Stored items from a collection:
┄┄┄┄┄┄┄┄┄┄
text \<open>On a grid interval \<open>[t\<^sub>j\<^sub>-\<^sub>1, t\<^sub>j]\<close> the approximate evolution is the semigroup of the
  frozen operator \<open>A\<^sub>n(s) = A(t\<^sub>j\<^sub>-\<^sub>1)\<close>, so \<open>s \<mapsto> U(t, s) U\<^sub>n(s, r) g\<close> has derivative
  \<open>U(t, s) (A(s) - A\<^sub>n(s)) U\<^sub>n(s, r) g\<close>, and the mean value inequality gives the estimate with
  \<open>C\<close> the product of the bounds of \<open>U\<close> on \<open>X\<close> and of \<open>U\<^sub>n\<close> on \<open>Y\<close>. The substance is that
  \<open>U\<^sub>n\<close> is bounded on \<open>Y\<close> uniformly in \<open>n\<close>: stability of the parts of \<open>A(t)\<close> in \<open>Y\<close> bounds
  time-ordered products of resolvents, and Kato's argument passes to time-ordered products of
  the semigroups, each factor \<open>exp (-d A)\<close> being the limit of the implicit Euler products
  \<open>(1 + A/m)^-\<lfloor>m d\<rfloor>\<close> (the exponential formula). Finally \<open>sup\<^sub>s \<parallel>A(s) - A\<^sub>n(s)\<parallel> \<rightarrow> 0\<close>
  by uniform continuity of \<open>A\<close> in \<open>B[Y, X]\<close>, which also gives the \<open>o(\<Delta>)\<close> bound on a single
  grid interval.\<close>

lemma has_vector_derivative_iff_tendsto_quotient:
  fixes f :: "real \<Rightarrow> 'a::real_normed_vector"
  shows "(f has_vector_derivative d) (at x within s) \<longleftrightarrow>
         ((\<lambda>y. (1 / (y - x)) *\<^sub>R (f y - f x)) \<longlongrightarrow> d) (at x within s)"
proof -
  have "\<forall>\<^sub>F y in at x within s. norm ((f y - f x) - (y - x) *\<^sub>R d) / norm (y - x)
       = norm ((1 / (y - x)) *\<^sub>R (f y - f x) - d)"
  proof (rule eventually_mono[of "\<lambda>y. y \<noteq> x"])
    show "\<forall>\<^sub>F y in at x within s. y \<noteq> x" by (simp add: eventually_at_filter)
    fix y :: real assume "y \<noteq> x"
    then have "(f y - f x) - (y - x) *\<^sub>R d = (y - x) *\<^sub>R ((1 / (y - x)) *\<^sub>R (f y - f x) - d)"
      by (simp add: algebra_simps)
    then show "norm ((f y - f x) - (y - x) *\<^sub>R d) / norm (y - x)
       = norm ((1 / (y - x)) *\<^sub>R (f y - f x) - d)"
      using \<open>y \<noteq> x\<close> by simp
  qed
  then have "((\<lambda>y. norm ((f y - f x) - (y - x) *\<^sub>R d) / norm (y - x)) \<longlongrightarrow> 0) (at x within s)
      \<longleftrightarrow> ((\<lambda>y. norm ((1 / (y - x)) *\<^sub>R (f y - f x) - d)) \<longlongrightarrow> 0) (at x within s)"
    by (rule tendsto_cong)
  then show ?thesis
    unfolding has_vector_derivative_def has_derivative_iff_norm
    by (simp add: bounded_linear_scaleR_left tendsto_norm_zero_iff LIM_zero_iff)
qed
┄┄┄┄┄┄┄┄┄┄
▶ [Your objective]:
Only a number is wanted. How many lines of the entries above carry "rule"?

▶ [Your solution]:
2